### Work required
Lines before the one containing "rotation v are" are to be skipped; reproduce that line and the rest of the records below exactly.

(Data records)
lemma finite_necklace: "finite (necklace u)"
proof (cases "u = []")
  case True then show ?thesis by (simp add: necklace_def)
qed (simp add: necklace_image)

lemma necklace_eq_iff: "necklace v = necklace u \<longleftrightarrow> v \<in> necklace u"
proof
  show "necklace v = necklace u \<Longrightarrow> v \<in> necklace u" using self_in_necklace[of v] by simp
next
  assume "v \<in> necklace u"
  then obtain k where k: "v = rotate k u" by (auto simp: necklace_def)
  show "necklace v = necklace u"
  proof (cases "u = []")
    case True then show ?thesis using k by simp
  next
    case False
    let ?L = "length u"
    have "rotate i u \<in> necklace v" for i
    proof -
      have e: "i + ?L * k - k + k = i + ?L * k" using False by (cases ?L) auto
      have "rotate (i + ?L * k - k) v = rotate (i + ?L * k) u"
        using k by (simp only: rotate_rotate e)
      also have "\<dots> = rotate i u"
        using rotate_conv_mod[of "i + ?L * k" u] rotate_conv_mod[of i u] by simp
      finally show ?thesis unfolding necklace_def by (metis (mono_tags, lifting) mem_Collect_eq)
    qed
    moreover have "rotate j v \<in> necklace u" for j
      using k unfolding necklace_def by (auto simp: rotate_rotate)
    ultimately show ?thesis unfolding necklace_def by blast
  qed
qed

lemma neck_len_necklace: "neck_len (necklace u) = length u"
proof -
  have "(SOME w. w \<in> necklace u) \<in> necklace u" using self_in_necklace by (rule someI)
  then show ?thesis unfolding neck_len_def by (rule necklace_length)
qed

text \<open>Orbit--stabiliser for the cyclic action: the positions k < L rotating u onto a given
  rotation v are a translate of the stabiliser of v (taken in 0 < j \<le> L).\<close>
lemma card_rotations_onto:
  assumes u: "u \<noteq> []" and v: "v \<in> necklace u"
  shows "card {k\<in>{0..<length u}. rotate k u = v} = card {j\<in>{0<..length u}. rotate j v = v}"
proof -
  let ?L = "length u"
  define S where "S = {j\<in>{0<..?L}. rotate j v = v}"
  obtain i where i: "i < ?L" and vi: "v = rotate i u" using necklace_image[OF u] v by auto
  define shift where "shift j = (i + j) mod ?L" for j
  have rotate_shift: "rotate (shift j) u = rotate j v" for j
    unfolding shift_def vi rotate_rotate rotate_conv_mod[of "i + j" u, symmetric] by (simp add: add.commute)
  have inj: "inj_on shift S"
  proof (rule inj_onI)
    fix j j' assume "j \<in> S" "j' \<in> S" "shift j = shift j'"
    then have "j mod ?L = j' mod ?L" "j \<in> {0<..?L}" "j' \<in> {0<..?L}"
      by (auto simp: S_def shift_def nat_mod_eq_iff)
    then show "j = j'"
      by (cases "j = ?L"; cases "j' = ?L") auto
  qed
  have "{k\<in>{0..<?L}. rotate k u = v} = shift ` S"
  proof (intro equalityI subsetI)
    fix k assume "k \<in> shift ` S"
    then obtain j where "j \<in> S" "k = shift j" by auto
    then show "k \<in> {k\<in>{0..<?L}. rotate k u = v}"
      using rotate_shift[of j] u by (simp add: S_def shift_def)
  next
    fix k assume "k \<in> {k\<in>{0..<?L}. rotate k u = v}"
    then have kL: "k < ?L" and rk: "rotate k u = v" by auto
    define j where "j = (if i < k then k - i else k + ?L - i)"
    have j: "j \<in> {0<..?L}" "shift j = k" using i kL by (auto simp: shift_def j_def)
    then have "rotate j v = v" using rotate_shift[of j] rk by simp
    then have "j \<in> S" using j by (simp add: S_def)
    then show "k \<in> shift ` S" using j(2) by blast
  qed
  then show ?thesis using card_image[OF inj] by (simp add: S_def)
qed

### Answer space
  rotation v are a translate of the stabiliser of v (taken in 0 < j \<le> L).\<close>
lemma card_rotations_onto:
  assumes u: "u \<noteq> []" and v: "v \<in> necklace u"
  shows "card {k\<in>{0..<length u}. rotate k u = v} = card {j\<in>{0<..length u}. rotate j v = v}"
proof -
  let ?L = "length u"
  define S where "S = {j\<in>{0<..?L}. rotate j v = v}"
  obtain i where i: "i < ?L" and vi: "v = rotate i u" using necklace_image[OF u] v by auto
  define shift where "shift j = (i + j) mod ?L" for j
  have rotate_shift: "rotate (shift j) u = rotate j v" for j
    unfolding shift_def vi rotate_rotate rotate_conv_mod[of "i + j" u, symmetric] by (simp add: add.commute)
  have inj: "inj_on shift S"
  proof (rule inj_onI)
    fix j j' assume "j \<in> S" "j' \<in> S" "shift j = shift j'"
    then have "j mod ?L = j' mod ?L" "j \<in> {0<..?L}" "j' \<in> {0<..?L}"
      by (auto simp: S_def shift_def nat_mod_eq_iff)
    then show "j = j'"
      by (cases "j = ?L"; cases "j' = ?L") auto
  qed
  have "{k\<in>{0..<?L}. rotate k u = v} = shift ` S"
  proof (intro equalityI subsetI)
    fix k assume "k \<in> shift ` S"
    then obtain j where "j \<in> S" "k = shift j" by auto
    then show "k \<in> {k\<in>{0..<?L}. rotate k u = v}"
      using rotate_shift[of j] u by (simp add: S_def shift_def)
  next
    fix k assume "k \<in> {k\<in>{0..<?L}. rotate k u = v}"
    then have kL: "k < ?L" and rk: "rotate k u = v" by auto
    define j where "j = (if i < k then k - i else k + ?L - i)"
    have j: "j \<in> {0<..?L}" "shift j = k" using i kL by (auto simp: shift_def j_def)
    then have "rotate j v = v" using rotate_shift[of j] rk by simp
    then have "j \<in> S" using j by (simp add: S_def)
    then show "k \<in> shift ` S" using j(2) by blast
  qed
  then show ?thesis using card_image[OF inj] by (simp add: S_def)
qed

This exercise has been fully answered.